[Opening Dataset extract section]
lemma ex_pos_AE_mult_eq_iff:
  fixes c :: real and f :: "'a \<Rightarrow> real"
  assumes "0 < c"
  shows "(\<exists>\<alpha>>0. AE \<omega> in M. c * f \<omega> = \<alpha>) \<longleftrightarrow> (\<exists>\<alpha>>0. AE \<omega> in M. f \<omega> = \<alpha>)"
proof
  assume "\<exists>\<alpha>>0. AE \<omega> in M. c * f \<omega> = \<alpha>"
  then obtain \<alpha> where "0 < \<alpha>" and \<alpha>: "AE \<omega> in M. c * f \<omega> = \<alpha>" by blast
  from \<alpha> have "AE \<omega> in M. f \<omega> = \<alpha> / c"
    by eventually_elim (use assms in \<open>auto simp: field_simps\<close>)
  with \<open>0 < \<alpha>\<close> assms show "\<exists>\<alpha>>0. AE \<omega> in M. f \<omega> = \<alpha>"
    by (intro exI[of _ "\<alpha> / c"] conjI) simp_all
next
  assume "\<exists>\<alpha>>0. AE \<omega> in M. f \<omega> = \<alpha>"
  then obtain \<alpha> where "0 < \<alpha>" and \<alpha>: "AE \<omega> in M. f \<omega> = \<alpha>" by blast
  from \<alpha> have "AE \<omega> in M. c * f \<omega> = c * \<alpha>" by eventually_elim simp
  with \<open>0 < \<alpha>\<close> assms show "\<exists>\<alpha>>0. AE \<omega> in M. c * f \<omega> = \<alpha>"
    by (intro exI[of _ "c * \<alpha>"] conjI) simp_all
qed

lemma (in prob_space) Holder_powr_mult_powr:
  fixes F G :: "'a \<Rightarrow> real" and r :: real
  assumes r: "0 < r" "r < 1"
    and [measurable]: "F \<in> borel_measurable M" "G \<in> borel_measurable M"
    and pos: "\<And>\<omega>. \<omega> \<in> space M \<Longrightarrow> 0 < F \<omega> \<and> 0 < G \<omega>"
    and F: "integrable M F" and G: "integrable M G"
  shows Holder_powr_mult_powr_le:
      "expectation (\<lambda>\<omega>. F \<omega> powr r * G \<omega> powr (1 - r))
         \<le> expectation F powr r * expectation G powr (1 - r)"
    and Holder_powr_mult_powr_eq_iff:
      "expectation (\<lambda>\<omega>. F \<omega> powr r * G \<omega> powr (1 - r))
         = expectation F powr r * expectation G powr (1 - r)
       \<longleftrightarrow> (AE \<omega> in M. F \<omega> / G \<omega> = expectation F / expectation G)"
proof -
  define EF EG where "EF = expectation F" and "EG = expectation G"
  have EF: "0 < EF" and EG: "0 < EG"
    unfolding EF_def EG_def using pos by (auto intro!: expectation_pos F G)
  define K where "K = EF powr r * EG powr (1 - r)"
  define H where "H \<omega> = F \<omega> powr r * G \<omega> powr (1 - r)" for \<omega>
  define Y where "Y \<omega> = K * (r * (F \<omega> / EF) + (1 - r) * (G \<omega> / EG))" for \<omega>
  have H_eq: "H \<omega> = K * ((F \<omega> / EF) powr r * (G \<omega> / EG) powr (1 - r))" if "\<omega> \<in> space M" for \<omega>
    using pos[OF that] EF EG unfolding H_def K_def by (simp add: powr_divide)
  have K: "0 < K" unfolding K_def using EF EG by simp
  \<comment> \<open>Pointwise weighted AM-GM for the normalised functions; integrating gives Holder.\<close>
  have H_le_Y: "H \<omega> \<le> Y \<omega>" if "\<omega> \<in> space M" for \<omega>
    unfolding H_eq[OF that] Y_def using Youngs_inequality_0[of r "1 - r" "F \<omega> / EF" "G \<omega> / EG"]
    using pos[OF that] EF EG K r by (simp add: mult_left_mono)
  have Y: "integrable M Y" and EY: "expectation Y = K"
    unfolding Y_def using F G EF EG by (simp_all add: EF_def EG_def field_simps)
  have [measurable]: "H \<in> borel_measurable M" unfolding H_def by measurable
  have H: "integrable M H"
    by (rule Bochner_Integration.integrable_bound[OF Y])
       (use H_le_Y in \<open>auto intro!: AE_I2 simp: H_def intro: order_trans[OF _ abs_ge_self]\<close>)
  show "expectation (\<lambda>\<omega>. F \<omega> powr r * G \<omega> powr (1 - r))
          \<le> expectation F powr r * expectation G powr (1 - r)"
    using integral_mono[OF H Y H_le_Y] EY unfolding H_def K_def EF_def EG_def by simp
  have "expectation H = K \<longleftrightarrow> expectation (\<lambda>\<omega>. Y \<omega> - H \<omega>) = 0"
    using EY H Y by auto
  also have "\<dots> \<longleftrightarrow> (AE \<omega> in M. Y \<omega> - H \<omega> = 0)"
    using H Y H_le_Y by (intro integral_nonneg_eq_0_iff_AE) auto
  also have "\<dots> \<longleftrightarrow> (AE \<omega> in M. F \<omega> / G \<omega> = EF / EG)"
  proof (rule AE_cong)
    fix \<omega> assume \<omega>: "\<omega> \<in> space M"
    have "Y \<omega> - H \<omega> = 0 \<longleftrightarrow>
        (F \<omega> / EF) powr r * (G \<omega> / EG) powr (1 - r) = r * (F \<omega> / EF) + (1 - r) * (G \<omega> / EG)"
      unfolding H_eq[OF \<omega>] Y_def using K by auto
    also have "\<dots> \<longleftrightarrow> F \<omega> / EF = G \<omega> / EG"
      using pos[OF \<omega>] EF EG by (intro powr_mult_powr_eq_convex_comb_iff[OF r]) auto
    also have "\<dots> \<longleftrightarrow> F \<omega> / G \<omega> = EF / EG"
      using pos[OF \<omega>] EF EG by (auto simp: field_simps)
    finally show "Y \<omega> - H \<omega> = 0 \<longleftrightarrow> F \<omega> / G \<omega> = EF / EG" .
  qed
  finally show "expectation (\<lambda>\<omega>. F \<omega> powr r * G \<omega> powr (1 - r))
          = expectation F powr r * expectation G powr (1 - r)
       \<longleftrightarrow> (AE \<omega> in M. F \<omega> / G \<omega> = expectation F / expectation G)"
    unfolding H_def K_def EF_def EG_def .
qed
[Closing Dataset extract section]
## [Try it]
With the line that contains "unfolding H_eq[OF \<omega>]" as the first and the final line of the data as the last, repeat every line in that span exactly.

## [Exercise output]
      unfolding H_eq[OF \<omega>] Y_def using K by auto
    also have "\<dots> \<longleftrightarrow> F \<omega> / EF = G \<omega> / EG"
      using pos[OF \<omega>] EF EG by (intro powr_mult_powr_eq_convex_comb_iff[OF r]) auto
    also have "\<dots> \<longleftrightarrow> F \<omega> / G \<omega> = EF / EG"
      using pos[OF \<omega>] EF EG by (auto simp: field_simps)
    finally show "Y \<omega> - H \<omega> = 0 \<longleftrightarrow> F \<omega> / G \<omega> = EF / EG" .
  qed
  finally show "expectation (\<lambda>\<omega>. F \<omega> powr r * G \<omega> powr (1 - r))
          = expectation F powr r * expectation G powr (1 - r)
       \<longleftrightarrow> (AE \<omega> in M. F \<omega> / G \<omega> = expectation F / expectation G)"
    unfolding H_def K_def EF_def EG_def .
qed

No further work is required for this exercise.